Keywords: SpMV, GPU, CUDA, performance modeling, optimization analysis.

# I. Introduction

Sparse matrix is a matrix that consists of very few non-zero elements. Large sparse-matrices are used in various engineering and scientific applications. Sparse matrix-vector multiplication is a very important operation when it comes to solving linear system and partial differential equations. When solving matrix-vector multiplication operations the term Ax of the equation Ax=y needs to be computed iteratively, which is tedious when it comes to large sparse-matrices. Also the SpMV CUDA Kernel is an important kernel and is an integral part of various iterative solvers such as sparse matrix conjugate gradient solver and a regular-grid multigrid solver [5]. This kernel is computed iteratively and hence there is a need to accurately model the performance of the SpMV CUDA Kernel and optimize the same. Hence the need for storing and partitioning the sparse matrix arises. Again after storing and partitioning the matrix, the performance achieved is not significant.

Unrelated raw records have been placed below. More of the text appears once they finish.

(* Let $n=2^uv$ with $v$ odd and $u\ge 0$. Suppose $(\varepsilon,\beta,\gamma;(12))\in\mathrm{Par}(n)$, where every cycle of $\beta$ has length divisible by $2^u$. Then: <ul> <li>(i) the number of cycles of odd length of $\beta$ is at least the number of cycles of odd length of $\gamma$;</li> <li>(ii) if $u\ge1$, then $\gamma$ has no cycles of odd length.</li> </ul> Fixed points count as cycles of length $1$.
   Context: A Latin square of order $n$ is an $n\times n$ array with rows, columns and symbols indexed by $[n]$, each symbol occurring once in each row and each column, with triple set $O(L)$. Permutations act on the right; $\varepsilon$ is the identity. A paratopism $(\alpha,\beta,\gamma;(12))$ maps $L$ to $L^\sigma$ with triple set $\{(y\beta,x\alpha,z\gamma):(x,y,z)\in O(L)\}$; it is an autoparatopism of $L$ if $L^\sigma=L$. $\mathrm{Par}(n)$ is the set of paratopisms that are autoparatopisms of at least one Latin square of order $n$. *)

theory Defs
  imports "HOL-Combinatorics.Permutations"
begin

text \<open>Symbols, rows and columns are indexed by {..<n} (i.e. 0..n-1 instead of 1..n).
A Latin square is a function L with L x y the symbol in row x, column y.\<close>

definition latin_square :: "nat \<Rightarrow> (nat \<Rightarrow> nat \<Rightarrow> nat) \<Rightarrow> bool" where
  "latin_square n L \<longleftrightarrow>
     (\<forall>x<n. \<forall>y<n. L x y < n) \<and>
     (\<forall>x<n. inj_on (\<lambda>y. L x y) {..<n}) \<and>
     (\<forall>y<n. inj_on (\<lambda>x. L x y) {..<n})"

definition triples :: "nat \<Rightarrow> (nat \<Rightarrow> nat \<Rightarrow> nat) \<Rightarrow> (nat \<times> nat \<times> nat) set" where
  "triples n L = {(x, y, L x y) | x y. x < n \<and> y < n}"

text \<open>Image of a triple set under the paratopism (alpha,beta,gamma;(12)):
  {(y beta, x alpha, z gamma)}; permutations act on the right, so x alpha = alpha x.\<close>
definition par12_image ::
  "(nat \<Rightarrow> nat) \<Rightarrow> (nat \<Rightarrow> nat) \<Rightarrow> (nat \<Rightarrow> nat) \<Rightarrow> (nat \<times> nat \<times> nat) set \<Rightarrow> (nat \<times> nat \<times> nat) set" where
  "par12_image \<alpha> \<beta> \<gamma> T = {(\<beta> y, \<alpha> x, \<gamma> z) | x y z. (x, y, z) \<in> T}"

definition in_Par12 :: "nat \<Rightarrow> (nat \<Rightarrow> nat) \<Rightarrow> (nat \<Rightarrow> nat) \<Rightarrow> (nat \<Rightarrow> nat) \<Rightarrow> bool" where
  "in_Par12 n \<alpha> \<beta> \<gamma> \<longleftrightarrow>
     \<alpha> permutes {..<n} \<and> \<beta> permutes {..<n} \<and> \<gamma> permutes {..<n} \<and>
     (\<exists>L. latin_square n L \<and> par12_image \<alpha> \<beta> \<gamma> (triples n L) = triples n L)"

definition cycle_of :: "(nat \<Rightarrow> nat) \<Rightarrow> nat \<Rightarrow> nat set" where
  "cycle_of p x = {(p ^^ k) x | k. True}"

definition cycles_of :: "nat \<Rightarrow> (nat \<Rightarrow> nat) \<Rightarrow> nat set set" where
  "cycles_of n p = cycle_of p ` {..<n}"

definition num_odd_cycles :: "nat \<Rightarrow> (nat \<Rightarrow> nat) \<Rightarrow> nat" where
  "num_odd_cycles n p = card {C \<in> cycles_of n p. odd (card C)}"

end

theory Submission
  imports Defs "HOL-Combinatorics.Cycles" "HOL-Combinatorics.Orbits"
begin

(* Let sigma be the permutation (x, y) -> (y beta, x) of the cells. The autoparatopism says
   L (c sigma) = (L c) gamma, and sigma^2 acts as beta on both coordinates.
   If a sigma-orbit has even length 2j, then beta^j fixes x, so the orbit length is divisible
   by 2^(u+1). If it has odd length, then the beta-cycle of x has odd length a and
   y = x beta^((a-1)/2). The cells whose symbol lies in an odd gamma-cycle Z form a
   sigma-invariant set of n |Z| cells, a number not divisible by 2^(u+1); so one of them lies
   on an odd sigma-orbit. Cells on odd sigma-orbits above the same beta-cycle are joined by a
   power of sigma^2, so their symbols share a gamma-cycle: this gives an injection from the
   odd cycles of gamma into the odd cycles of beta, and for u >= 1 beta has no odd cycles. *)

lemma card_orbit_eq_least_power:
  assumes "permutation p"
  shows "card (orbit p x) = least_power p x"
proof -
  have "orbit p x = set (support p x)"
    using orbit_altdef_permutation[OF assms] support_set[OF assms] by auto
  moreover have "card (set (support p x)) = length (support p x)"
    using cycle_of_permutation[OF assms] by (rule distinct_card)
  ultimately show ?thesis by simp
qed

lemma orbit_eq_if_mem:
  assumes "permutation p" and "y \<in> orbit p x"
  shows "orbit p y = orbit p x"
  using assms by (simp add: orbit_cyclic_eq3 cyclic_on_orbit')

lemma orbit_subset_if_invariant:
  assumes "p ` S \<subseteq> S" and "x \<in> S"
  shows "orbit p x \<subseteq> S"
proof
  fix y assume "y \<in> orbit p x"
  then show "y \<in> S" by induction (use assms in auto)
qed

lemma dvd_card_if_dvd_least_power:
  assumes "permutation p" and "finite S" and "p ` S \<subseteq> S"
    and "\<And>x. x \<in> S \<Longrightarrow> d dvd least_power p x"
  shows "d dvd card S"
proof -
  have S_eq: "\<Union> (orbit p ` S) = S"
    using orbit_subset_if_invariant[OF assms(3)] permutation_self_in_orbit[OF assms(1)] by blast
  have "d dvd card (\<Union> (orbit p ` S))"
  proof (rule dvd_partition)
    show "finite (\<Union> (orbit p ` S))" using S_eq assms(2) by simp
    show "\<forall>C\<in>orbit p ` S. d dvd card C"
      using assms(4) by (simp add: card_orbit_eq_least_power[OF assms(1)])
    show "\<forall>C1\<in>orbit p ` S. \<forall>C2\<in>orbit p ` S. C1 \<noteq> C2 \<longrightarrow> C1 \<inter> C2 = {}"
      using orbit_eq_if_mem[OF assms(1)] by blast
  qed
  then show ?thesis using S_eq by simp
qed

lemma cycle_of_eq_orbit:
  assumes "permutation p"
  shows "cycle_of p x = orbit p x"
  using orbit_altdef_permutation[OF assms] by (simp add: cycle_of_def)

lemma card_cycle_of:
  assumes "permutation p"
  shows "card (cycle_of p x) = least_power p x"
  using assms by (simp add: cycle_of_eq_orbit card_orbit_eq_least_power)

lemma cycle_of_eq_if_mem:
  assumes "permutation p" and "y \<in> cycle_of p x"
  shows "cycle_of p y = cycle_of p x"
  using assms by (simp add: cycle_of_eq_orbit orbit_eq_if_mem)

lemma funpow_in_cycle_of: "(p ^^ k) x \<in> cycle_of p x"
  by (auto simp: cycle_of_def)

lemma self_in_cycle_of: "x \<in> cycle_of p x"
  using funpow_in_cycle_of[where k = 0] by simp

lemma cycle_of_subset_if_permutes:
  assumes "p permutes S" and "x \<in> S"
  shows "cycle_of p x \<subseteq> S"
  using permutes_in_image[OF permutes_funpow[OF assms(1)]] assms(2) by (auto simp: cycle_of_def)

lemma cycle_of_closed:
  assumes "y \<in> cycle_of p x"
  shows "p y \<in> cycle_of p x"
proof -
  obtain k where "y = (p ^^ k) x"
    using assms by (auto simp: cycle_of_def)
  then show ?thesis
    using funpow_in_cycle_of[of "Suc k" p x] by simp
qed

lemma cycle_of_funpow:
  assumes "permutation p"
  shows "cycle_of p ((p ^^ k) x) = cycle_of p x"
  using cycle_of_eq_if_mem[OF assms funpow_in_cycle_of] .

lemma mod_eq_div2_if_dvd_Suc_double:
  fixes a j :: nat
  assumes "a dvd Suc (2 * j)"
  shows "j mod a = a div 2"
proof -
  obtain m where m: "Suc (2 * j) = a * m" using assms by blast
  then have "odd (a * m)" by (metis even_Suc even_mult_iff even_numeral)
  then have "odd a" "odd m" by simp_all
  then obtain h k where "a = Suc (2 * h)" "m = Suc (2 * k)" by (metis oddE Suc_eq_plus1)
  with m have "j = a * k + h" by (simp add: algebra_simps)
  moreover have "h < a" "a div 2 = h" using \<open>a = Suc (2 * h)\<close> by auto
  ultimately show ?thesis by simp
qed

lemma card_image_le_card_image_if_factors:
  assumes "finite (g ` A)" and "\<And>a b. a \<in> A \<Longrightarrow> b \<in> A \<Longrightarrow> g a = g b \<Longrightarrow> f a = f b"
  shows "card (f ` A) \<le> card (g ` A)"
proof -
  have "f a = f (inv_into A g (g a))" if "a \<in> A" for a
  proof (rule assms(2)[OF that])
    show "inv_into A g (g a) \<in> A" using that by (simp add: inv_into_into)
    show "g a = g (inv_into A g (g a))" using that by (simp add: f_inv_into_f)
  qed
  then have "f ` A = (f \<circ> inv_into A g) ` (g ` A)"
    unfolding image_comp by (simp cong: image_cong)
  then show ?thesis using card_image_le[OF assms(1)] by metis
qed

lemma latin_square_row_bij:
  assumes "latin_square n L" and "x < n"
  shows "bij_betw (L x) {..<n} {..<n}"
proof -
  have "inj_on (L x) {..<n}" and "L x ` {..<n} \<subseteq> {..<n}"
    using assms unfolding latin_square_def by auto
  then show ?thesis
    by (simp add: bij_betw_def endo_inj_surj)
qed

lemma card_latin_square_preimage:
  assumes "latin_square n L" and "Z \<subseteq> {..<n}"
  shows "card {c \<in> {..<n} \<times> {..<n}. case_prod L c \<in> Z} = n * card Z"
proof -
  have row: "card {y \<in> {..<n}. L x y \<in> Z} = card Z" if "x < n" for x
  proof -
    have bij: "bij_betw (L x) {..<n} {..<n}"
      using latin_square_row_bij[OF assms(1) that] .
    have "Z \<subseteq> L x ` {..<n}"
      using bij_betw_imp_surj_on[OF bij] assms(2) by simp
    then have "L x ` {y \<in> {..<n}. L x y \<in> Z} = Z"
      by fastforce
    then have "bij_betw (L x) {y \<in> {..<n}. L x y \<in> Z} Z"
      by (rule bij_betw_subset[OF bij, rotated]) auto
    then show ?thesis by (rule bij_betw_same_card)
  qed
  have "{c \<in> {..<n} \<times> {..<n}. case_prod L c \<in> Z} = (SIGMA x:{..<n}. {y \<in> {..<n}. L x y \<in> Z})"
    by (simp add: set_eq_iff split_paired_All)
  then have "card {c \<in> {..<n} \<times> {..<n}. case_prod L c \<in> Z} = (\<Sum>x<n. card {y \<in> {..<n}. L x y \<in> Z})"
    by simp
  also have "\<dots> = (\<Sum>x<n. card Z)"
    by (rule sum.cong[OF refl], rule row) simp
  finally show ?thesis by simp
qed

Hence the need to address these issues as well.

The system proposes and integrated performance modeling technique that predicts the kernel execution times of CSR, COO, ELL and HYB [2] kernels for a target sparse matrix. Based on this performance modeling technique the optimized solution i.e. execution time of target sparse matrix, and optimal storage format will be reported using a dynamic-programming based auto-selection algorithm [1].

The following sections describe the methodology in detail. Section 2 describes related work. Section 3 describes the system in detail. Section 4 describes the experimental setup, Section 5 results and Section 6 describes the conclusion, whilst acknowledgement and references follow it.

### II. Related Work

SpMV CUDA kernels for various matrix storage formats viz. DIA, COO, CSR, ELL and HYB have been proposed and implemented previously by Bell and Garland [2] and same are used in the system. Apart from these two basic computational kernels viz. a sparse matrix conjugate gradient solver and a regular-grid multigrid solver were proposed and implemented by J. Bolz et al. [5].

Various SpMV CUDA Kernel optimization techniques have been proposed. These include performance-model driven approach for partitioning sparse matrix into appropriate formats, and auto-tuning configurations of CUDA kernels [4]; optimization of single precision matrix multiplication kernels for the short vector SIMD architecture of the SPE of IBM's CELL BE processor [6]; optimization of two operations viz. a sparse matrix times a dense vector and a sparse matrix times a set of dense vectors [7].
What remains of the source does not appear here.